The 7-2 decision authored by Justice Amy Coney Barrett enables R.J. Reynolds Vapor Company to proceed in the 5th U.S. Circuit Court of Appeals, regarded as the nation’s most conservative appeals court, in the company’s bid to market its “Vuse Alto” flavored e-cigarette products by suing alongside retailers.
The 5th Circuit has been more friendly to the industry, but the company still may face a tough road ahead, as the justices earlier this term rebuked the 5th Circuit’s approach in a similar case.
Two of the court’s liberal justices, Ketanji Brown Jackson and Sonia Sotomayor, dissented from Friday’s decision.
Under federal law, “any person adversely affected” by the FDA denying a tobacco or e-cigarette marketing application can petition the federal appeals court in Washington, D.C., or where they have their principal place of business.
R.J. Reynolds is based in North Carolina, which is covered by the 4th U.S. Circuit Court of Appeals. But both that court and the one in D.C. have rejected the company’s legal theory that the FDA acted arbitrarily and capriciously in denying the authorization because it changed the evidentiary standard.
The 5th Circuit, however, which covers Louisiana, Mississippi and Texas, has been more friendly to the industry.
So the company sought review there, joined by a Texas retail store that sells Vuse Alto products and a Mississippi trade association of gas stations and convenience stores. The Supreme Court agreed to hear the federal government’s appeal after the 5th Circuit refused to transfer the case.

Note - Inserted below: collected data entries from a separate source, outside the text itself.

(* Let $\mathcal{A}\subseteq\mathbb{R}^3$ and let $\varphi_1,\ldots,\varphi_N\in L^2(\mathcal{A})$ be pairwise non-parallel with $\boldsymbol{\Psi}=\int_{\mathcal{A}}\boldsymbol{\varphi}^{\mathsf{H}}\boldsymbol{\varphi}\,\mathrm{d}\mathbf{r}$ positive definite, $\boldsymbol{\varphi}(\mathbf{r})=[\varphi_1(\mathbf{r}),\ldots,\varphi_N(\mathbf{r})]$, and eigendecomposition $\boldsymbol{\Psi}=\mathbf{U}\,\mathrm{diag}(\lambda_1,\ldots,\lambda_N)\mathbf{U}^{\mathsf{H}}$, $\lambda_n>0$. For Hermitian $\mathbf{M}$ let $T_{\mathbf{M}}$ be the operator on $L^2(\mathcal{A})$ with kernel $\delta(\mathbf{r}-\mathbf{r}')-\boldsymbol{\varphi}(\mathbf{r})\mathbf{M}\boldsymbol{\varphi}^{\mathsf{H}}(\mathbf{r}')$. Let $\overline{B}_\varphi=T_{\overline{\mathbf{B}}_{\boldsymbol\Psi}}$ with $\overline{\mathbf{B}}_{\boldsymbol\Psi}=\mathbf{U}\,\mathrm{diag}\big(\tfrac{1+\sqrt{1+\lambda_n}}{\lambda_n\sqrt{1+\lambda_n}}\big)\mathbf{U}^{\mathsf{H}}$ and $B_\varphi=T_{\mathbf{B}_{\boldsymbol\Psi}}$ with $\mathbf{B}_{\boldsymbol\Psi}=\mathbf{U}\,\mathrm{diag}\big(\tfrac{1+\sqrt{1+\lambda_n}}{\lambda_n}\big)\mathbf{U}^{\mathsf{H}}$. Then $\overline{B}_\varphi B_\varphi=B_\varphi\overline{B}_\varphi=\mathrm{Id}$, i.e. $\int_{\mathcal{A}}\overline{B}_\varphi(\mathbf{r}_1,\mathbf{r})B_\varphi(\mathbf{r},\mathbf{r}_2)\,\mathrm{d}\mathbf{r}=\int_{\mathcal{A}}B_\varphi(\mathbf{r}_2,\mathbf{r})\overline{B}_\varphi(\mathbf{r},\mathbf{r}_1)\,\mathrm{d}\mathbf{r}=\delta(\mathbf{r}_1-\mathbf{r}_2)$.
   Context: Kernels containing $\delta(\mathbf{r}-\mathbf{r}')$ denote the identity plus a finite-rank integral operator. *)

theory Defs
  imports "HOL-Analysis.Analysis"
begin

definition L2 :: "(real^3) set \<Rightarrow> (real^3 \<Rightarrow> complex) \<Rightarrow> bool" where
  "L2 A f \<longleftrightarrow> f \<in> borel_measurable (lebesgue_on A)
      \<and> integrable (lebesgue_on A) (\<lambda>r. (norm (f r))^2)"

definition mat_adj :: "complex^'n^'n \<Rightarrow> complex^'n^'n" where
  "mat_adj U = (\<chi> i j. cnj (U $ j $ i))"

definition diag_mat :: "('n::finite \<Rightarrow> complex) \<Rightarrow> complex^'n^'n" where
  "diag_mat d = (\<chi> i j. if i = j then d i else 0)"

definition unitary :: "complex^'n::finite^'n \<Rightarrow> bool" where
  "unitary U \<longleftrightarrow> U ** mat_adj U = mat 1 \<and> mat_adj U ** U = mat 1"

definition hermitian :: "complex^'n^'n \<Rightarrow> bool" where
  "hermitian M \<longleftrightarrow> mat_adj M = M"

definition pos_def :: "complex^'n::finite^'n \<Rightarrow> bool" where
  "pos_def M \<longleftrightarrow> hermitian M \<and>
     (\<forall>x::complex^'n. x \<noteq> 0 \<longrightarrow>
        (let q = (\<Sum>i\<in>UNIV. \<Sum>j\<in>UNIV. cnj (x $ i) * M $ i $ j * x $ j) in Im q = 0 \<and> Re q > 0))"

definition gram :: "(real^3) set \<Rightarrow> ('n::finite \<Rightarrow> real^3 \<Rightarrow> complex) \<Rightarrow> complex^'n^'n" where
  "gram A \<phi> = (\<chi> i j. integral\<^sup>L (lebesgue_on A) (\<lambda>r. cnj (\<phi> i r) * \<phi> j r))"

text \<open>Operator with kernel delta(r-r') - phi(r) M phi^H(r'), acting on functions on A.\<close>
definition T_op :: "(real^3) set \<Rightarrow> ('n::finite \<Rightarrow> real^3 \<Rightarrow> complex) \<Rightarrow> complex^'n^'n
     \<Rightarrow> (real^3 \<Rightarrow> complex) \<Rightarrow> (real^3 \<Rightarrow> complex)" where
  "T_op A \<phi> M f = (\<lambda>r. f r - (\<Sum>i\<in>UNIV. \<Sum>j\<in>UNIV. \<phi> i r * M $ i $ j *
       integral\<^sup>L (lebesgue_on A) (\<lambda>r'. cnj (\<phi> j r') * f r')))"

definition non_parallel :: "(real^3) set \<Rightarrow> ('n \<Rightarrow> real^3 \<Rightarrow> complex) \<Rightarrow> bool" where
  "non_parallel A \<phi> \<longleftrightarrow> (\<forall>i j. i \<noteq> j \<longrightarrow>
      \<not> (\<exists>c::complex. AE r in lebesgue_on A. \<phi> i r = c * \<phi> j r))"

end

theory Submission
  imports Defs
begin

(*
  Writing c(f) for the vector of inner products of f with the \<phi>_j, one has
  c(f - \<phi> a) = c(f) - \<Psi> a, so the operators compose like T_X T_Y = T_(X + Y - X \<Psi> Y).
  Hence T_X T_Y = Id as soon as X \<Psi> Y = X + Y. For matrices diagonal in the eigenbasis
  of \<Psi> this reduces to the scalar identity x \<lambda> y = x + y for each eigenvalue \<lambda>,
  which for x = (1 + s) / (\<lambda> s), y = (1 + s) / \<lambda>, s = sqrt (1 + \<lambda>) holds because
  both sides equal (1 + s)^2 / (\<lambda> s).
*)

definition inner_coeffs ::
    "(real^3) set \<Rightarrow> ('n::finite \<Rightarrow> real^3 \<Rightarrow> complex) \<Rightarrow> (real^3 \<Rightarrow> complex) \<Rightarrow> complex^'n" where
  "inner_coeffs A \<phi> f = (\<chi> j. integral\<^sup>L (lebesgue_on A) (\<lambda>r. cnj (\<phi> j r) * f r))"

lemma L2_integrable_cnj_mult:
  assumes "L2 A f" "L2 A g"
  shows "integrable (lebesgue_on A) (\<lambda>r. cnj (f r) * g r)"
proof (rule Bochner_Integration.integrable_bound)
  show "integrable (lebesgue_on A) (\<lambda>r. (norm (f r))\<^sup>2 + (norm (g r))\<^sup>2)"
    using assms by (auto simp: L2_def)
  have "f \<in> borel_measurable (lebesgue_on A)" "g \<in> borel_measurable (lebesgue_on A)"
    using assms unfolding L2_def by auto
  then show "(\<lambda>r. cnj (f r) * g r) \<in> borel_measurable (lebesgue_on A)"
    by (intro borel_measurable_times borel_measurable_continuous_on[where f = cnj]
        continuous_intros)
  have "norm (f r) * norm (g r) \<le> (norm (f r))\<^sup>2 + (norm (g r))\<^sup>2" for r
    using sum_squares_bound[of "norm (f r)" "norm (g r)"]
      mult_nonneg_nonneg[OF norm_ge_zero[of "f r"] norm_ge_zero[of "g r"]]
    unfolding power2_eq_square by linarith
  then show "AE r in lebesgue_on A. norm (cnj (f r) * g r) \<le> norm ((norm (f r))\<^sup>2 + (norm (g r))\<^sup>2)"
    by (simp add: norm_mult)
qed

lemma T_op_eq_matrix_vector_mult:
  "T_op A \<phi> M f = (\<lambda>r. f r - (\<Sum>i\<in>UNIV. \<phi> i r * (M *v inner_coeffs A \<phi> f) $ i))"
  unfolding T_op_def matrix_vector_mult_def inner_coeffs_def
  by (simp add: sum_distrib_left mult.assoc)

lemma T_op_zero: "T_op A \<phi> 0 f = f"
  by (simp add: T_op_def)

lemma inner_coeffs_diff_combination:
  assumes "\<And>i. L2 A (\<phi> i)" "L2 A f"
  shows "inner_coeffs A \<phi> (\<lambda>r. f r - (\<Sum>i\<in>UNIV. \<phi> i r * a $ i))
           = inner_coeffs A \<phi> f - gram A \<phi> *v a"
proof -
  have "integral\<^sup>L (lebesgue_on A) (\<lambda>r. cnj (\<phi> k r) * (f r - (\<Sum>i\<in>UNIV. \<phi> i r * a $ i)))
      = integral\<^sup>L (lebesgue_on A) (\<lambda>r. cnj (\<phi> k r) * f r)
        - (\<Sum>i\<in>UNIV. integral\<^sup>L (lebesgue_on A) (\<lambda>r. cnj (\<phi> k r) * \<phi> i r) * a $ i)" for k
  proof -
    have int_f: "integrable (lebesgue_on A) (\<lambda>r. cnj (\<phi> k r) * f r)"
      using assms by (rule L2_integrable_cnj_mult)
    have int_\<phi>: "integrable (lebesgue_on A) (\<lambda>r. cnj (\<phi> k r) * \<phi> i r * a $ i)" for i
      using L2_integrable_cnj_mult[OF assms(1) assms(1)] by (rule integrable_mult_left)
    have "(\<lambda>r. cnj (\<phi> k r) * (f r - (\<Sum>i\<in>UNIV. \<phi> i r * a $ i)))
        = (\<lambda>r. cnj (\<phi> k r) * f r - (\<Sum>i\<in>UNIV. cnj (\<phi> k r) * \<phi> i r * a $ i))"
      by (simp add: algebra_simps sum_distrib_left)
    then have "integral\<^sup>L (lebesgue_on A) (\<lambda>r. cnj (\<phi> k r) * (f r - (\<Sum>i\<in>UNIV. \<phi> i r * a $ i)))
        = integral\<^sup>L (lebesgue_on A) (\<lambda>r. cnj (\<phi> k r) * f r)
          - integral\<^sup>L (lebesgue_on A) (\<lambda>r. \<Sum>i\<in>UNIV. cnj (\<phi> k r) * \<phi> i r * a $ i)"
      using int_f int_\<phi> by (simp add: Bochner_Integration.integral_diff)
    also have "integral\<^sup>L (lebesgue_on A) (\<lambda>r. \<Sum>i\<in>UNIV. cnj (\<phi> k r) * \<phi> i r * a $ i)
        = (\<Sum>i\<in>UNIV. integral\<^sup>L (lebesgue_on A) (\<lambda>r. cnj (\<phi> k r) * \<phi> i r) * a $ i)"
      using int_\<phi> by (simp add: Bochner_Integration.integral_sum)
    finally show ?thesis .
  qed
  then show ?thesis
    by (simp add: vec_eq_iff inner_coeffs_def gram_def matrix_vector_mult_def)
qed

lemma T_op_mult:
  assumes "\<And>i. L2 A (\<phi> i)" "L2 A f"
  shows "T_op A \<phi> X (T_op A \<phi> Y f) = T_op A \<phi> (X + Y - X ** gram A \<phi> ** Y) f"
proof -
  define c where "c = inner_coeffs A \<phi> f"
  have coeffs_Y: "inner_coeffs A \<phi> (T_op A \<phi> Y f) = c - gram A \<phi> *v (Y *v c)"
    unfolding T_op_eq_matrix_vector_mult c_def by (rule inner_coeffs_diff_combination[OF assms])
  have combined: "Y *v c + X *v (c - gram A \<phi> *v (Y *v c)) = (X + Y - X ** gram A \<phi> ** Y) *v c"
    by (simp add: algebra_simps matrix_vector_mul_assoc matrix_mul_assoc)
  show ?thesis
  proof
    fix r
    have "T_op A \<phi> X (T_op A \<phi> Y f) r
        = f r - (\<Sum>i\<in>UNIV. \<phi> i r * (Y *v c) $ i)
              - (\<Sum>i\<in>UNIV. \<phi> i r * (X *v (c - gram A \<phi> *v (Y *v c))) $ i)"
      by (simp only: T_op_eq_matrix_vector_mult[of A \<phi> X] coeffs_Y)
        (simp add: T_op_eq_matrix_vector_mult c_def)
    also have "\<dots> = f r - (\<Sum>i\<in>UNIV. \<phi> i r * (Y *v c + X *v (c - gram A \<phi> *v (Y *v c))) $ i)"
      by (simp only: vector_add_component distrib_left sum.distrib diff_diff_eq)
    also have "\<dots> = f r - (\<Sum>i\<in>UNIV. \<phi> i r * ((X + Y - X ** gram A \<phi> ** Y) *v c) $ i)"
      by (simp only: combined)
    finally show "T_op A \<phi> X (T_op A \<phi> Y f) r = T_op A \<phi> (X + Y - X ** gram A \<phi> ** Y) f r"
      by (simp add: T_op_eq_matrix_vector_mult c_def)
  qed
qed

lemma T_op_mult_eq_id:
  assumes "\<And>i. L2 A (\<phi> i)" "L2 A f" "X ** gram A \<phi> ** Y = X + Y"
  shows "T_op A \<phi> X (T_op A \<phi> Y f) = f"
  using T_op_mult[of A \<phi> f X Y] assms by (simp add: T_op_zero)

lemma diag_mat_mult: "diag_mat d ** diag_mat e = diag_mat (\<lambda>n. d n * e n)"
proof -
  have "(\<Sum>k\<in>UNIV. (if i = k then d i else 0) * (if k = j then e k else 0))
      = (\<Sum>k\<in>UNIV. if k = i then (if i = j then d i * e i else 0) else 0)" for i j
    by (rule sum.cong) auto
  then show ?thesis
    by (simp add: vec_eq_iff diag_mat_def matrix_matrix_mult_def)
qed

lemma matrix_add_rdistrib: "((A::'a::semiring_1^'n^'m) + B) ** (C::'a^'p^'n) = A ** C + B ** C"
  by (simp add: vec_eq_iff matrix_matrix_mult_def sum.distrib[symmetric] distrib_right)

lemma diag_mat_add: "diag_mat d + diag_mat e = diag_mat (\<lambda>n. d n + e n)"
  by (simp add: vec_eq_iff diag_mat_def)

lemma unitary_conj_diag_mult:
  assumes "unitary U"
  shows "(U ** diag_mat d ** mat_adj U) ** (U ** diag_mat e ** mat_adj U)
           = U ** diag_mat (\<lambda>n. d n * e n) ** mat_adj U"
proof -
  have U_adj_U: "mat_adj U ** U = mat 1"
    using assms by (simp add: unitary_def)
  have "(U ** diag_mat d ** mat_adj U) ** (U ** diag_mat e ** mat_adj U)
      = U ** diag_mat d ** (mat_adj U ** U) ** diag_mat e ** mat_adj U"
    by (simp add: matrix_mul_assoc)
  also have "\<dots> = U ** (diag_mat d ** diag_mat e) ** mat_adj U"
    by (simp add: U_adj_U matrix_mul_assoc)
  finally show ?thesis
    by (simp only: diag_mat_mult)
qed

lemma unitary_conj_diag_mult_eq_add:
  assumes "unitary U" "\<And>n. x n * l n * y n = x n + y n"
  shows "(U ** diag_mat x ** mat_adj U) ** (U ** diag_mat l ** mat_adj U)
             ** (U ** diag_mat y ** mat_adj U)
           = U ** diag_mat x ** mat_adj U + U ** diag_mat y ** mat_adj U"
  by (simp add: unitary_conj_diag_mult[OF assms(1)] assms(2) diag_mat_add[symmetric]
      matrix_add_ldistrib matrix_add_rdistrib)

lemma sqrt_resolvent_identity:
  fixes l :: real
  assumes "l > 0"
  shows "(1 + sqrt (1 + l)) / (l * sqrt (1 + l)) * l * ((1 + sqrt (1 + l)) / l)
           = (1 + sqrt (1 + l)) / (l * sqrt (1 + l)) + (1 + sqrt (1 + l)) / l"
proof -
  have "sqrt (1 + l) > 0" "(sqrt (1 + l))\<^sup>2 = 1 + l"
    using assms by auto
  then show ?thesis
    using assms by (simp add: field_simps power2_eq_square)
qed

theorem lemma7:
  fixes A :: "(real^3) set"
    and \<phi> :: "'n::finite \<Rightarrow> real^3 \<Rightarrow> complex"
    and U :: "complex^'n^'n"
    and lam :: "'n \<Rightarrow> real"
  assumes "A \<in> sets lebesgue"
    and "\<And>i. L2 A (\<phi> i)"
    and "non_parallel A \<phi>"
    and "pos_def (gram A \<phi>)"
    and "unitary U"
    and "\<And>n. lam n > 0"
    and "gram A \<phi> = U ** diag_mat (\<lambda>n. complex_of_real (lam n)) ** mat_adj U"
  defines "Bbar \<equiv> U ** diag_mat (\<lambda>n. complex_of_real
              ((1 + sqrt (1 + lam n)) / (lam n * sqrt (1 + lam n)))) ** mat_adj U"
    and "B \<equiv> U ** diag_mat (\<lambda>n. complex_of_real ((1 + sqrt (1 + lam n)) / lam n)) ** mat_adj U"
  shows "\<forall>f. L2 A f \<longrightarrow>
           (\<forall>r\<in>A. T_op A \<phi> Bbar (T_op A \<phi> B f) r = f r) \<and>
           (\<forall>r\<in>A. T_op A \<phi> B (T_op A \<phi> Bbar f) r = f r)"
proof -
  define bbar b where
    "bbar = (\<lambda>n. complex_of_real ((1 + sqrt (1 + lam n)) / (lam n * sqrt (1 + lam n))))" and
    "b = (\<lambda>n. complex_of_real ((1 + sqrt (1 + lam n)) / lam n))"
  have scalar: "bbar n * complex_of_real (lam n) * b n = bbar n + b n" for n
    using arg_cong[OF sqrt_resolvent_identity[OF assms(6)[of n]], of complex_of_real]
    unfolding bbar_def b_def of_real_mult of_real_add .
  have scalar': "b n * complex_of_real (lam n) * bbar n = b n + bbar n" for n
    using scalar[of n] by (simp add: ac_simps)
  have Bbar_eq: "Bbar = U ** diag_mat bbar ** mat_adj U"
    and B_eq: "B = U ** diag_mat b ** mat_adj U"
    by (simp_all add: Bbar_def B_def bbar_def b_def)
  have "Bbar ** gram A \<phi> ** B = Bbar + B" "B ** gram A \<phi> ** Bbar = B + Bbar"
    unfolding Bbar_eq B_eq assms(7)
    by (rule unitary_conj_diag_mult_eq_add[OF assms(5)], rule scalar scalar')+
  then show ?thesis
    using T_op_mult_eq_id[of A \<phi>, OF assms(2)] by simp
qed

end
(* Let $T:M_d\to M_d$ be a completely positive map with $T(I)\le I$, whose stabilization index $n_T$ is finite. If $T$ is corner-faithful, then $T$ is unital, i.e. $T(I)=I$.
   Context: $M_d$ is the algebra of complex $d\times d$ matrices with the positive semidefinite order. The defect is $d(T)=I-T(I)\ge 0$. The stabilization index is $n_T=\min\{n\ge1: T^n(d(T))=0\}$ (with $T^0=\mathrm{id}$). For a positive semidefinite $x$, $\mathrm{supp}(x)$ denotes the orthogonal projection onto the range of $x$. When $n_T<\infty$, the orbit-support projection is $Q_T=\bigvee_{k<n_T}\mathrm{supp}(T^k(d(T)))$. $T$ is corner-faithful if for every $x\ge0$ with $x\neq0$ and $\mathrm{supp}(x)\le Q_T$ one has $T(x)\ne 0$. *)

theory Defs
  imports Complex_Main "Jordan_Normal_Form.Matrix"
begin

definition adj :: "complex mat \<Rightarrow> complex mat" where
  "adj A = mat (dim_col A) (dim_row A) (\<lambda>(i,j). cnj (A $$ (j,i)))"

definition psd :: "nat \<Rightarrow> complex mat \<Rightarrow> bool" where
  "psd n A \<longleftrightarrow> A \<in> carrier_mat n n \<and> adj A = A \<and>
     (\<forall>v \<in> carrier_vec n. Im ((A *\<^sub>v v) \<bullet>c v) = 0 \<and> Re ((A *\<^sub>v v) \<bullet>c v) \<ge> 0)"

definition loewner_le :: "nat \<Rightarrow> complex mat \<Rightarrow> complex mat \<Rightarrow> bool" where
  "loewner_le n A B \<longleftrightarrow> A \<in> carrier_mat n n \<and> B \<in> carrier_mat n n \<and> psd n (B - A)"

definition mat_range :: "complex mat \<Rightarrow> complex vec set" where
  "mat_range A = {A *\<^sub>v v | v. v \<in> carrier_vec (dim_col A)}"

definition proj_onto :: "nat \<Rightarrow> complex vec set \<Rightarrow> complex mat" where
  "proj_onto n S = (THE P. P \<in> carrier_mat n n \<and> P * P = P \<and> adj P = P \<and> mat_range P = S)"

definition supp :: "nat \<Rightarrow> complex mat \<Rightarrow> complex mat" where
  "supp n x = proj_onto n (mat_range x)"

definition linear_map_on :: "nat \<Rightarrow> (complex mat \<Rightarrow> complex mat) \<Rightarrow> bool" where
  "linear_map_on d T \<longleftrightarrow>
     (\<forall>A \<in> carrier_mat d d. T A \<in> carrier_mat d d) \<and>
     (\<forall>A \<in> carrier_mat d d. \<forall>B \<in> carrier_mat d d. T (A + B) = T A + T B) \<and>
     (\<forall>A \<in> carrier_mat d d. \<forall>c. T (c \<cdot>\<^sub>m A) = c \<cdot>\<^sub>m T A)"

text \<open>The ampliation id_k tensor T acting on M_k(M_d), identified with (k d) x (k d) matrices
  partitioned into d x d blocks.\<close>
definition ampliation :: "nat \<Rightarrow> nat \<Rightarrow> (complex mat \<Rightarrow> complex mat) \<Rightarrow> complex mat \<Rightarrow> complex mat" where
  "ampliation d k T X = mat (k*d) (k*d) (\<lambda>(i,j).
      T (mat d d (\<lambda>(a,b). X $$ ((i div d) * d + a, (j div d) * d + b))) $$ (i mod d, j mod d))"

definition completely_positive :: "nat \<Rightarrow> (complex mat \<Rightarrow> complex mat) \<Rightarrow> bool" where
  "completely_positive d T \<longleftrightarrow> linear_map_on d T \<and>
     (\<forall>k\<ge>1. \<forall>X. psd (k*d) X \<longrightarrow> psd (k*d) (ampliation d k T X))"

definition defect :: "nat \<Rightarrow> (complex mat \<Rightarrow> complex mat) \<Rightarrow> complex mat" where
  "defect d T = 1\<^sub>m d - T (1\<^sub>m d)"

definition stab_finite :: "nat \<Rightarrow> (complex mat \<Rightarrow> complex mat) \<Rightarrow> bool" where
  "stab_finite d T \<longleftrightarrow> (\<exists>n\<ge>1. (T ^^ n) (defect d T) = 0\<^sub>m d d)"

text \<open>Stabilization index n_T (meaningful when stab_finite holds).\<close>
definition stab_index :: "nat \<Rightarrow> (complex mat \<Rightarrow> complex mat) \<Rightarrow> nat" where
  "stab_index d T = (LEAST n. n \<ge> 1 \<and> (T ^^ n) (defect d T) = 0\<^sub>m d d)"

“Because Avail Vapor and the trade association have their principal places of business in Texas and Mississippi, respectively, they could both file in the Fifth Circuit. So when it denied the FDA’s motion to dismiss or transfer, the Fifth Circuit correctly concluded that at least one proper petitioner had venue,” Barrett wrote.
In dissent, Jackson said the statute does not allow retailers to sue.
“And, here, all the usual tools of statutory interpretation point in the same direction: Congress established a detailed scheme for manufacturers to obtain authorization to market new tobacco products—a scheme within which retailers have no rights and play no role—and, in the context of that scheme, Congress provided a cause of action for the protection of the manufacturers’ statutorily created interests,” Jackson wrote.
The case now returns to the lower courts, but the companies may still face a steep path to getting their product approved. In another case decided earlier this term, the Supreme Court found the FDA acted lawfully in rejecting two other vaping companies’ applications, reversing the 5th Circuit’s contrary decision.
“In today’s decision, the Supreme Court recognized that federal agency action can have downstream effects that can be devastating for parties that are not the most direct target of the agency’s action. The Court’s decision ensures that the courthouse doors are not closed for those adversely affected parties,” Ryan Watson, a partner at Jones Day who argued the case on behalf of the companies, said in a statement.